What Genes Can't Do
The idea of the gene has been a central organizing theme in contemporary biology, and the Human Genome project and biotechnological advances have put the gene in the media spotlight. In this book Lenny Moss reconstructs the history of the gene concept, placing it in the context of the perennial interplay between theories of preformationism and theories of epigenesis. He finds that there are not one, but two, fundamental -- and fundamentally different -- senses of "the gene" in scientific use -- one the heir to preformationism and the other the heir to epigenesis. "Gene-P", the preformationist gene concept, serves as an instrumental predictor of phenotypic outcomes, while "Gene-D", the gene of epigenesis, is a developmental resource that specifies possible amino acid sequences for proteins.
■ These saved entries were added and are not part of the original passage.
text \<open>Pushout squares in Strat (colimits computed levelwise on simplices; the thin
  simplices of the pushout are the images of the thin simplices):
      A --i--> B
      |f       |j
      C --g--> D \<close>
definition is_pushout ::
  "'a strat \<Rightarrow> 'b strat \<Rightarrow> 'c strat \<Rightarrow> 'd strat \<Rightarrow>
   ('a \<Rightarrow> 'b) \<Rightarrow> ('a \<Rightarrow> 'c) \<Rightarrow> ('b \<Rightarrow> 'd) \<Rightarrow> ('c \<Rightarrow> 'd) \<Rightarrow> bool" where
  "is_pushout A B C D i f j g \<longleftrightarrow>
     strat A \<and> strat B \<and> strat C \<and> strat D
   \<and> smap A B i \<and> smap A C f \<and> smap B D j \<and> smap C D g
   \<and> (\<forall>a\<in>S A. j (i a) = g (f a))
   \<and> S D = j ` S B \<union> g ` S C
   \<and> T D = j ` T B \<union> g ` T C
   \<and> (let R = {(Inl (i a), Inr (f a)) | a. a \<in> S A} in
       \<forall>u\<in>S B <+> S C. \<forall>v\<in>S B <+> S C.
         (case_sum j g u = case_sum j g v) \<longleftrightarrow> (u, v) \<in> (R \<union> R\<inverse>)\<^sup>*)"

definition sub :: "'a strat \<Rightarrow> 'a set \<Rightarrow> 'a set \<Rightarrow> 'a strat" where
  "sub X S' T' = X\<lparr>S := S', T := T'\<rparr>"

definition substrat :: "'a strat \<Rightarrow> 'a set \<Rightarrow> 'a set \<Rightarrow> bool" where
  "substrat X S' T' \<longleftrightarrow> S' \<subseteq> S X \<and> T' \<subseteq> T X \<and> strat (sub X S' T')"

type_synonym simplex = "nat \<times> (nat \<Rightarrow> nat)"

text \<open>Simplices of Delta[n]: operators alpha : [r] -> [n], represented as (r, alpha).\<close>
definition delta_S :: "nat \<Rightarrow> simplex set" where
  "delta_S n = {(r, f). sop r n f}"

definition delta_act :: "(nat \<Rightarrow> nat) \<Rightarrow> nat \<Rightarrow> simplex \<Rightarrow> simplex" where
  "delta_act g m x = (m, ocomp m g (snd x))"

definition mkD :: "nat \<Rightarrow> simplex set \<Rightarrow> simplex strat" where
  "mkD n Th = \<lparr>S = delta_S n, dm = fst, act = delta_act, T = Th\<rparr>"

definition degen :: "simplex \<Rightarrow> bool" where
  "degen x \<longleftrightarrow> \<not> inj_on (snd x) {..fst x}"

definition admissible :: "nat \<Rightarrow> nat \<Rightarrow> simplex \<Rightarrow> bool" where
  "admissible n k x \<longleftrightarrow> {k - 1, k, Suc k} \<inter> {..n} \<subseteq> snd x ` {..fst x}"

definition dface :: "nat \<Rightarrow> nat \<Rightarrow> simplex" where
  "dface n i = (n - 1, face_op (n - 1) i)"

definition Delta_k_T :: "nat \<Rightarrow> nat \<Rightarrow> simplex set" where
  "Delta_k_T n k = {x \<in> delta_S n. degen x \<or> admissible n k x}"

definition Delta_k :: "nat \<Rightarrow> nat \<Rightarrow> simplex strat" where
  "Delta_k n k = mkD n (Delta_k_T n k)"

definition Lambda_k :: "nat \<Rightarrow> nat \<Rightarrow> simplex strat" where
  "Lambda_k n k = (let Sx = {x \<in> delta_S n. snd x ` {..fst x} \<union> {k} \<noteq> {..n}} in
                   sub (Delta_k n k) Sx (Delta_k_T n k \<inter> Sx))"

definition Delta_k' :: "nat \<Rightarrow> nat \<Rightarrow> simplex strat" where
  "Delta_k' n k = mkD n (Delta_k_T n k \<union> {dface n i | i. i \<le> n \<and> i \<noteq> k})"

definition Delta_k'' :: "nat \<Rightarrow> nat \<Rightarrow> simplex strat" where
  "Delta_k'' n k = mkD n (Delta_k_T n k \<union> {dface n i | i. i \<le> n})"

definition elementary :: "bool \<Rightarrow> nat \<Rightarrow> nat \<Rightarrow> simplex strat \<Rightarrow> simplex strat \<Rightarrow> bool" where
  "elementary inner n k A B \<longleftrightarrow> k \<le> n \<and> (inner \<longrightarrow> 0 < k \<and> k < n) \<and>
     ((1 \<le> n \<and> A = Lambda_k n k \<and> B = Delta_k n k)
    \<or> (2 \<le> n \<and> A = Delta_k' n k \<and> B = Delta_k'' n k))"

definition anod_step :: "bool \<Rightarrow> 'a strat \<Rightarrow> 'a set \<times> 'a set \<Rightarrow> 'a set \<times> 'a set \<Rightarrow> bool" where
  "anod_step inner Y c d \<longleftrightarrow>
     (\<exists>n k A B phi. elementary inner n k A B \<and>
        is_pushout A B (sub Y (fst c) (snd c)) (sub Y (fst d) (snd d)) id phi phi id)"

definition sle :: "'a set \<times> 'a set \<Rightarrow> 'a set \<times> 'a set \<Rightarrow> bool" where
  "sle c d \<longleftrightarrow> fst c \<subseteq> fst d \<and> snd c \<subseteq> snd d"

text \<open>The inclusion of the stratified subset (S',T') into Y is an (inner) anodyne extension:
  it is a transfinite composite of pushouts of elementary (inner) anodyne extensions.
  Since such composites are composites of monomorphisms, the stages are represented
  as a well-ordered chain C of stratified subsets of Y, starting at (S',T'), continuous at
  limit stages, with union Y, each successor step being a pushout of an elementary
  (inner) anodyne extension.\<close>
definition anodyne_incl :: "bool \<Rightarrow> 'a strat \<Rightarrow> 'a set \<Rightarrow> 'a set \<Rightarrow> bool" where
  "anodyne_incl inner Y S' T' \<longleftrightarrow> strat Y \<and>
    (\<exists>C :: ('a set \<times> 'a set) set.
        (\<forall>c\<in>C. substrat Y (fst c) (snd c))
      \<and> (S', T') \<in> C \<and> (\<forall>c\<in>C. sle (S', T') c)
      \<and> (\<forall>c\<in>C. \<forall>d\<in>C. sle c d \<or> sle d c)
      \<and> (\<forall>D. D \<subseteq> C \<longrightarrow> D \<noteq> {} \<longrightarrow> (\<exists>c\<in>D. \<forall>d\<in>D. sle c d))
      \<and> \<Union>(fst ` C) = S Y \<and> \<Union>(snd ` C) = T Y
      \<and> (\<forall>c\<in>C. \<forall>d\<in>C. c \<noteq> d \<longrightarrow> sle c d \<longrightarrow>
            (\<forall>e\<in>C. sle c e \<longrightarrow> e \<noteq> c \<longrightarrow> sle d e) \<longrightarrow> anod_step inner Y c d)
      \<and> (\<forall>c\<in>C. c \<noteq> (S', T') \<longrightarrow>
            \<not> (\<exists>b\<in>C. b \<noteq> c \<and> sle b c \<and> (\<forall>e\<in>C. sle b e \<longrightarrow> e \<noteq> b \<longrightarrow> sle c e)) \<longrightarrow>
            c = (\<Union>{fst b | b. b \<in> C \<and> sle b c \<and> b \<noteq> c}, \<Union>{snd b | b. b \<in> C \<and> sle b c \<and> b \<noteq> c})))"

definition complicial :: "nat \<Rightarrow> nat set \<Rightarrow> simplex set \<Rightarrow> bool" where
  "complicial n K Th \<longleftrightarrow>
     (\<forall>k\<in>K. \<forall>x\<in>delta_S n. \<not> degen x \<longrightarrow> admissible n k x \<longrightarrow>
        x \<in> Th \<and>
        (\<forall>l\<le>fst x. snd x l = k \<longrightarrow> delta_act (face_op (fst x - 1) l) (fst x - 1) x \<in> Th \<longrightarrow>
            (\<forall>j\<le>fst x. (Suc j = l \<or> j = Suc l) \<longrightarrow>
                delta_act (face_op (fst x - 1) j) (fst x - 1) x \<in> Th)))"

definition Lambda_vec_S :: "nat \<Rightarrow> nat set \<Rightarrow> simplex set" where
  "Lambda_vec_S n K = {x \<in> delta_S n. snd x ` {..fst x} \<union> K \<noteq> {..n}}"

end

theory Submission
  imports Defs
begin

(* Let kmin be the least element of K and Kc = [n] - K. A simplex lies outside Lambda^K N iff
   its vertex set contains Kc, and kmin - 1, kmin + 1 lie in Kc by the gap condition. First, for
   the sets J with kmin \<in> J \<subseteq> K, smaller ones first, glue in the face spanned by Kc \<union> J
   along a horn Lambda^l[m] \<subseteq> Delta^l[m], where l is the position of kmin: the faces of that
   face missing a vertex of Kc lie in Lambda^K N, those missing a vertex of J - {kmin} were glued
   in before, and the marking of Delta^l[m] is that of the kmin-admissible simplices, thin in N
   by condition (a). Afterwards every simplex is present, and the thin simplices of N not yet
   marked are nondegenerate, contain Kc and miss kmin. Such a simplex a is marked by gluing in
   Delta^l[m]' \<subseteq> Delta^l[m]'' along the face spanned by a and kmin: its l-th face is a, the
   faces l \<plusminus> 1 are thin by condition (b) and all other faces are kmin-admissible.
   If 0 < kmin < n, then 0 < l < m throughout, so every extension used is inner. *)

section \<open>Simplicial operators and the standard simplex\<close>

lemma sop_ocomp: "sop m r f \<Longrightarrow> sop r n g \<Longrightarrow> sop m n (ocomp m f g)"
  unfolding sop_def ocomp_def by auto

lemma ocomp_assoc: "sop m r f \<Longrightarrow> ocomp m (ocomp m f g) h = ocomp m f (ocomp r g h)"
  unfolding sop_def ocomp_def by (auto simp: fun_eq_iff)

lemma ocomp_ident: "sop r n f \<Longrightarrow> ocomp r (ident r) f = f"
  unfolding sop_def ocomp_def ident_def by (auto simp: fun_eq_iff)

lemma sop_ident: "sop r r (ident r)"
  unfolding sop_def ident_def by auto

lemma sop_strict_mono_on: "sop m n s \<Longrightarrow> inj_on s {..m} \<Longrightarrow> strict_mono_on {..m} s"
  by (rule mono_imp_strict_mono) (auto simp: sop_def monotone_on_def)

lemma sop_not_inj_adjacent:
  assumes "sop r n f" "\<not> inj_on f {..r}"
  obtains i where "i < r" "f i = f (Suc i)"
proof -
  from assms(2) obtain a b where ab: "a \<le> r" "b \<le> r" "a < b" "f a = f b"
    unfolding inj_on_def by (metis atMost_iff linorder_neqE_nat)
  have mono: "\<And>a b. a \<le> b \<Longrightarrow> b \<le> r \<Longrightarrow> f a \<le> f b" using assms(1) by (auto simp: sop_def)
  have "f a \<le> f (Suc a)" "f (Suc a) \<le> f b" using mono[of a "Suc a"] mono[of "Suc a" b] ab by auto
  with ab show ?thesis by (intro that[of a]) auto
qed

lemma mem_delta_S [simp]: "x \<in> delta_S n \<longleftrightarrow> sop (fst x) n (snd x)"
  unfolding delta_S_def by (cases x) auto

lemma delta_act_in_delta_S: "x \<in> delta_S n \<Longrightarrow> sop k (fst x) f \<Longrightarrow> delta_act f k x \<in> delta_S n"
  by (simp add: delta_act_def sop_ocomp)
Moss argues that the popular idea that genes constitute blueprints for organisms is the result of an unwarranted conflation of these independently valid senses of the gene, and he analyzes the rhetorical basis of this conflation.In the heart of the book, Moss uses the Gene-D/Gene-P distinction to examine the real basis of biological order and of the pathological loss of order in cancer. He provides a detailed analysis of the "order-from-order" role of cell membranes and compartmentalization and considers dynamic approaches to biological order such as that of Stuart Kauffman. He reviews the history of cancer research with an emphasis on the oncogene and tumor suppressor gene models and shows how these gene-centered strategies point back to the significance of higher level, multi-cellular organizational fields in the onset and progression of cancer. Finally, Moss draws on the findings of the Human Genome Project, biological modularity, and the growing interest in resynthesyzing theories of evolution and development to look beyond the "century of the gene" toward a rebirth of biological understanding.
About the Author
Lenny Moss is Associate Professor of Philosophy and a Senior Fellow at the ESRC Center for Genomics in Society, University of Exeter, UK.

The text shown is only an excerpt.